**Task statement**
The lines you need are those holding the word "shows"; pull them from the material.

**Records provided**
......
inductive derivable :: "sys \<Rightarrow> fm multiset \<Rightarrow> fm \<Rightarrow> bool" where
  ax: "derivable S (add_mset (Var p) \<Gamma>) (Var p)"
| top: "derivable S \<Gamma> Top"
| impR: "derivable S (add_mset a \<Gamma>) b \<Longrightarrow> derivable S \<Gamma> (Imp a b)"
| impL: "derivable S (add_mset (Imp a b) \<Gamma>) a \<Longrightarrow> derivable S (add_mset b \<Gamma>) \<phi>
         \<Longrightarrow> derivable S (add_mset (Imp a b) \<Gamma>) \<phi>"
| conjR: "derivable S \<Gamma> a \<Longrightarrow> derivable S \<Gamma> b \<Longrightarrow> derivable S \<Gamma> (Conj a b)"
| conjL: "derivable S (add_mset a (add_mset b \<Gamma>)) \<phi> \<Longrightarrow> derivable S (add_mset (Conj a b) \<Gamma>) \<phi>"
| disjR1: "derivable S \<Gamma> a \<Longrightarrow> derivable S \<Gamma> (Disj a b)"
| disjR2: "derivable S \<Gamma> b \<Longrightarrow> derivable S \<Gamma> (Disj a b)"
| disjL: "derivable S (add_mset a \<Gamma>) \<phi> \<Longrightarrow> derivable S (add_mset b \<Gamma>) \<phi>
          \<Longrightarrow> derivable S (add_mset (Disj a b) \<Gamma>) \<phi>"
| n: "has_n S \<Longrightarrow> derivable S (add_mset (Neg a) (add_mset b \<Gamma>)) a
      \<Longrightarrow> derivable S (add_mset (Neg a) (add_mset a \<Gamma>)) b
      \<Longrightarrow> derivable S (add_mset (Neg a) \<Gamma>) (Neg b)"
| nef: "has_nef S \<Longrightarrow> derivable S (add_mset (Neg a) \<Gamma>) a
      \<Longrightarrow> derivable S (add_mset (Neg a) \<Gamma>) (Neg b)"
| copc: "has_copc S \<Longrightarrow> derivable S (add_mset (Neg a) (add_mset b \<Gamma>)) a
      \<Longrightarrow> derivable S (add_mset (Neg a) \<Gamma>) (Neg b)"
| an: "has_an S \<Longrightarrow> derivable S (add_mset a \<Gamma>) (Neg a)
      \<Longrightarrow> derivable S \<Gamma> (Neg a)"

end

theory Submission
  imports Defs
begin

text \<open>Cut is eliminated by induction on the cut formula and, inside, on the derivation
  of the left premise. If the left premise ends in a left rule, the cut is moved above that
  rule. If the left premise introduces the cut formula, the formula is traced up the right
  premise to the inferences where it is principal, and there the cut is replaced by cuts on
  immediate subformulas followed by contraction; for this, weakening, contraction and the
  invertibility of (\<open>\<and>\<close>l), (\<open>\<or>\<close>l) and of the right premise of (\<open>\<rightarrow>\<close>l) are proved first.
  When the left premise of a cut on \<open>\<not>a\<close> ends in (an), the inner induction hypothesis is used
  as well; the combinations of negation rules that never occur in one system are excluded by
  the system flags.\<close>

lemma add_mset_diff_single [simp]: "A \<in># M \<Longrightarrow> add_mset X M - {#A#} = add_mset X (M - {#A#})"
  by (metis add_mset_commute add_mset_remove_trivial multi_member_split)

lemma less_count_mem: "k < count M a \<Longrightarrow> a \<in># M"
  by (simp flip: count_greater_zero_iff)

lemma derivable_weaken: "derivable S \<Gamma> \<phi> \<Longrightarrow> derivable S (\<Gamma> + \<Theta>) \<phi>"
  by (induction rule: derivable.induct) (auto intro: derivable.intros)

lemma ax_mem: "Var p \<in># \<Gamma> \<Longrightarrow> derivable S \<Gamma> (Var p)"
  by (metis derivable.ax insert_DiffM)

lemma impL_mem:
  "Imp a b \<in># \<Gamma> \<Longrightarrow> derivable S \<Gamma> a \<Longrightarrow> derivable S (add_mset b (\<Gamma> - {#Imp a b#})) \<phi>
   \<Longrightarrow> derivable S \<Gamma> \<phi>"
  using derivable.impL[of S a b "\<Gamma> - {#Imp a b#}" \<phi>] by simp

lemma conjL_mem:
  "Conj a b \<in># \<Gamma> \<Longrightarrow> derivable S (add_mset a (add_mset b (\<Gamma> - {#Conj a b#}))) \<phi>
   \<Longrightarrow> derivable S \<Gamma> \<phi>"
  using derivable.conjL[of S a b "\<Gamma> - {#Conj a b#}" \<phi>] by simp

lemma disjL_mem:
  "Disj a b \<in># \<Gamma> \<Longrightarrow> derivable S (add_mset a (\<Gamma> - {#Disj a b#})) \<phi>
   \<Longrightarrow> derivable S (add_mset b (\<Gamma> - {#Disj a b#})) \<phi> \<Longrightarrow> derivable S \<Gamma> \<phi>"
  using derivable.disjL[of S a "\<Gamma> - {#Disj a b#}" \<phi> b] by simp

lemma n_mem:
  "has_n S \<Longrightarrow> Neg a \<in># \<Gamma> \<Longrightarrow> derivable S (add_mset b \<Gamma>) a \<Longrightarrow> derivable S (add_mset a \<Gamma>) b
   \<Longrightarrow> derivable S \<Gamma> (Neg b)"
  using derivable.n[of S a b "\<Gamma> - {#Neg a#}"] by (simp add: add_mset_commute)

lemma nef_mem: "has_nef S \<Longrightarrow> Neg a \<in># \<Gamma> \<Longrightarrow> derivable S \<Gamma> a \<Longrightarrow> derivable S \<Gamma> (Neg b)"
  using derivable.nef[of S a "\<Gamma> - {#Neg a#}" b] by simp

lemma copc_mem:
  "has_copc S \<Longrightarrow> Neg a \<in># \<Gamma> \<Longrightarrow> derivable S (add_mset b \<Gamma>) a \<Longrightarrow> derivable S \<Gamma> (Neg b)"
  using derivable.copc[of S a b "\<Gamma> - {#Neg a#}"] by (simp add: add_mset_commute)

text \<open>One occurrence of \<open>A\<close> in the antecedent may be replaced by \<open>M\<close> as soon as this is
  possible at the inferences where that occurrence is principal; there the replacement has
  already been made in those premises which still contain \<open>A\<close>. The bound \<open>k\<close> records further
  copies of \<open>A\<close> that stay in the context, so that contraction is the instance \<open>k = 1\<close>,
  \<open>M = {#}\<close>.\<close>

lemma derivable_replace_occurrence:
  assumes "derivable S \<Theta> \<phi>" and "k < count \<Theta> A"
    and principal_ax: "\<And>p \<Gamma>. A = Var p \<Longrightarrow> k \<le> count \<Gamma> A \<Longrightarrow> derivable S (M + \<Gamma>) (Var p)"
    and principal_impL: "\<And>a b \<Gamma> \<psi>. A = Imp a b \<Longrightarrow> k \<le> count \<Gamma> A \<Longrightarrow> derivable S (M + \<Gamma>) a
      \<Longrightarrow> derivable S (add_mset b \<Gamma>) \<psi> \<Longrightarrow> derivable S (M + \<Gamma>) \<psi>"
    and principal_conjL: "\<And>a b \<Gamma> \<psi>. A = Conj a b \<Longrightarrow> k \<le> count \<Gamma> A
      \<Longrightarrow> derivable S (add_mset a (add_mset b \<Gamma>)) \<psi> \<Longrightarrow> derivable S (M + \<Gamma>) \<psi>"
    and principal_disjL: "\<And>a b \<Gamma> \<psi>. A = Disj a b \<Longrightarrow> k \<le> count \<Gamma> A \<Longrightarrow> derivable S (add_mset a \<Gamma>) \<psi>
      \<Longrightarrow> derivable S (add_mset b \<Gamma>) \<psi> \<Longrightarrow> derivable S (M + \<Gamma>) \<psi>"
    and principal_n: "\<And>a b \<Gamma>. A = Neg a \<Longrightarrow> k \<le> count \<Gamma> A \<Longrightarrow> has_n S
      \<Longrightarrow> derivable S (M + add_mset b \<Gamma>) a \<Longrightarrow> derivable S (M + add_mset a \<Gamma>) b
      \<Longrightarrow> derivable S (M + \<Gamma>) (Neg b)"
    and principal_nef: "\<And>a b \<Gamma>. A = Neg a \<Longrightarrow> k \<le> count \<Gamma> A \<Longrightarrow> has_nef S
      \<Longrightarrow> derivable S (M + \<Gamma>) a \<Longrightarrow> derivable S (M + \<Gamma>) (Neg b)"
    and principal_copc: "\<And>a b \<Gamma>. A = Neg a \<Longrightarrow> k \<le> count \<Gamma> A \<Longrightarrow> has_copc S
      \<Longrightarrow> derivable S (add_mset (Neg a) (add_mset b \<Gamma>)) a \<Longrightarrow> derivable S (M + add_mset b \<Gamma>) a
      \<Longrightarrow> derivable S (M + \<Gamma>) (Neg b)"
  shows "derivable S (M + (\<Theta> - {#A#})) \<phi>"
  using assms(1,2)
proof (induction S' \<equiv> S \<Theta> \<phi> rule: derivable.induct)
  case (ax p \<Gamma>)
  then show ?case by (cases "A = Var p") (auto intro: principal_ax ax_mem simp: in_diff_count)
next
  case (impL x y \<Gamma> \<psi>)
  then show ?case using less_count_mem[OF impL.prems]
    by (cases "A = Imp x y") (auto intro: principal_impL impL_mem simp: add_mset_commute)
next
  case (conjL x y \<Gamma> \<psi>)
  then show ?case using less_count_mem[OF conjL.prems]
    by (cases "A = Conj x y") (auto intro: principal_conjL conjL_mem simp: add_mset_commute)
next
  case (disjL x \<Gamma> \<psi> y)
  then show ?case using less_count_mem[OF disjL.prems]
    by (cases "A = Disj x y") (auto intro: principal_disjL disjL_mem simp: add_mset_commute)
next
  case (n x y \<Gamma>)
  then show ?case using less_count_mem[OF n.prems]
    by (cases "A = Neg x") (auto intro: principal_n n_mem simp: add_mset_commute)
next
  case (nef x \<Gamma> y)
  then show ?case using less_count_mem[OF nef.prems]
    by (cases "A = Neg x") (auto intro: principal_nef nef_mem)
next
  case (copc x y \<Gamma>)
  then show ?case using less_count_mem[OF copc.prems]
    by (cases "A = Neg x") (auto intro: principal_copc copc_mem simp: add_mset_commute)
next
  case (impR x \<Gamma> y)
  then show ?case using less_count_mem[OF impR.prems]
    by (auto intro: derivable.impR simp: add_mset_commute)
next
  case (an x \<Gamma>)
  then show ?case using less_count_mem[OF an.prems]
    by (auto intro: derivable.an simp: add_mset_commute)
qed (auto intro: derivable.intros)

lemma derivable_drop_Top: "derivable S (add_mset Top \<Gamma>) \<phi> \<Longrightarrow> derivable S \<Gamma> \<phi>"
  using derivable_replace_occurrence[where \<Theta>="add_mset Top \<Gamma>" and A=Top and k=0 and M="{#}"]
  by simp

lemma conjL_inversion:
  "derivable S (add_mset (Conj a b) \<Gamma>) \<phi> \<Longrightarrow> derivable S (add_mset a (add_mset b \<Gamma>)) \<phi>"
  using derivable_replace_occurrence[where \<Theta>="add_mset (Conj a b) \<Gamma>" and A="Conj a b"
      and k=0 and M="{#a, b#}"]
  by simp

lemma disjL_inversion:
  assumes "derivable S (add_mset (Disj a b) \<Gamma>) \<phi>"
  shows "derivable S (add_mset a \<Gamma>) \<phi>" and "derivable S (add_mset b \<Gamma>) \<phi>"
  using derivable_replace_occurrence[OF assms, where A="Disj a b" and k=0 and M="{#a#}"]
    derivable_replace_occurrence[OF assms, where A="Disj a b" and k=0 and M="{#b#}"] by simp_all

lemma impL_inversion: "derivable S (add_mset (Imp a b) \<Gamma>) \<phi> \<Longrightarrow> derivable S (add_mset b \<Gamma>) \<phi>"
  using derivable_replace_occurrence[where \<Theta>="add_mset (Imp a b) \<Gamma>" and A="Imp a b"
      and k=0 and M="{#b#}"]
  by simp

lemma contraction: "derivable S (add_mset A (add_mset A \<Gamma>)) \<phi> \<Longrightarrow> derivable S (add_mset A \<Gamma>) \<phi>"
proof (induction A arbitrary: \<Gamma> \<phi> rule: measure_induct_rule[of size])
  case (less A)
  note contract_smaller = less.IH
  have "derivable S ({#} + (add_mset A (add_mset A \<Gamma>) - {#A#})) \<phi>"
  proof (rule derivable_replace_occurrence[where k=1])
    txt \<open>In each principal case the copy of \<open>A\<close> left in \<open>\<Gamma>'\<close> is inverted, and the duplicated
      immediate subformulas are contracted by induction.\<close>
    fix \<Gamma>' assume "1 \<le> count \<Gamma>' A"
    then obtain \<Gamma>'' where \<Gamma>': "\<Gamma>' = add_mset A \<Gamma>''"
      by (metis less_count_mem[of 0] One_nat_def Suc_le_eq multi_member_split)
    { fix p assume "A = Var p"
      then show "derivable S ({#} + \<Gamma>') (Var p)" by (simp add: \<Gamma>' derivable.ax) }
    { fix a b \<psi> assume A: "A = Imp a b"
        and "derivable S ({#} + \<Gamma>') a" and "derivable S (add_mset b \<Gamma>') \<psi>"
      moreover from this have "derivable S (add_mset b \<Gamma>'') \<psi>"
        using contract_smaller[of b] impL_inversion[of S a b "add_mset b \<Gamma>''"]
        by (simp add: \<Gamma>' add_mset_commute)
      ultimately show "derivable S ({#} + \<Gamma>') \<psi>" by (simp add: \<Gamma>' derivable.impL) }
    { fix a b \<psi> assume A: "A = Conj a b" and "derivable S (add_mset a (add_mset b \<Gamma>')) \<psi>"
      then have "derivable S (add_mset a (add_mset a (add_mset b (add_mset b \<Gamma>'')))) \<psi>"
        using conjL_inversion[of S a b "add_mset a (add_mset b \<Gamma>'')"]
        by (simp add: \<Gamma>' add_mset_commute)
      then have "derivable S (add_mset b (add_mset b (add_mset a \<Gamma>''))) \<psi>"
        using contract_smaller[of a] A by (simp add: add_mset_commute)
      then have "derivable S (add_mset b (add_mset a \<Gamma>'')) \<psi>"
        using contract_smaller[of b "add_mset a \<Gamma>''"] A by simp
      then show "derivable S ({#} + \<Gamma>') \<psi>" by (simp add: \<Gamma>' A derivable.conjL add_mset_commute) }
    { fix a b \<psi> assume A: "A = Disj a b"
        and "derivable S (add_mset a \<Gamma>') \<psi>" and "derivable S (add_mset b \<Gamma>') \<psi>"
      then have "derivable S (add_mset a \<Gamma>'') \<psi>" and "derivable S (add_mset b \<Gamma>'') \<psi>"
        using disjL_inversion[of S a b "add_mset a \<Gamma>''"] disjL_inversion[of S a b "add_mset b \<Gamma>''"]
          contract_smaller[of a] contract_smaller[of b]
        by (simp_all add: \<Gamma>' add_mset_commute)
      then show "derivable S ({#} + \<Gamma>') \<psi>" by (simp add: \<Gamma>' A derivable.disjL) }
    { fix a b assume "A = Neg a"
      then show "has_n S \<Longrightarrow> derivable S ({#} + add_mset b \<Gamma>') a
          \<Longrightarrow> derivable S ({#} + add_mset a \<Gamma>') b \<Longrightarrow> derivable S ({#} + \<Gamma>') (Neg b)"
        and "has_nef S \<Longrightarrow> derivable S ({#} + \<Gamma>') a \<Longrightarrow> derivable S ({#} + \<Gamma>') (Neg b)"
        and "has_copc S \<Longrightarrow> derivable S ({#} + add_mset b \<Gamma>') a \<Longrightarrow> derivable S ({#} + \<Gamma>') (Neg b)"
        by (auto simp: \<Gamma>' intro: n_mem nef_mem copc_mem) }
  qed (use less.prems in simp_all)
  then show ?case by simp
qed

lemma contraction_mset: "derivable S (M + M + \<Gamma>) \<phi> \<Longrightarrow> derivable S (M + \<Gamma>) \<phi>"
proof (induction M arbitrary: \<Gamma>)
  case (add x M)
  then have "derivable S (M + M + add_mset x \<Gamma>) \<phi>"
    using contraction[of S x "M + M + \<Gamma>"] by (simp add: add_mset_commute)
  then show ?case using add.IH[of "add_mset x \<Gamma>"] by simp
qed simp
......
**Solution to this exercise**
  shows "derivable S (M + (\<Theta> - {#A#})) \<phi>"
  shows "derivable S (add_mset a \<Gamma>) \<phi>" and "derivable S (add_mset b \<Gamma>) \<phi>"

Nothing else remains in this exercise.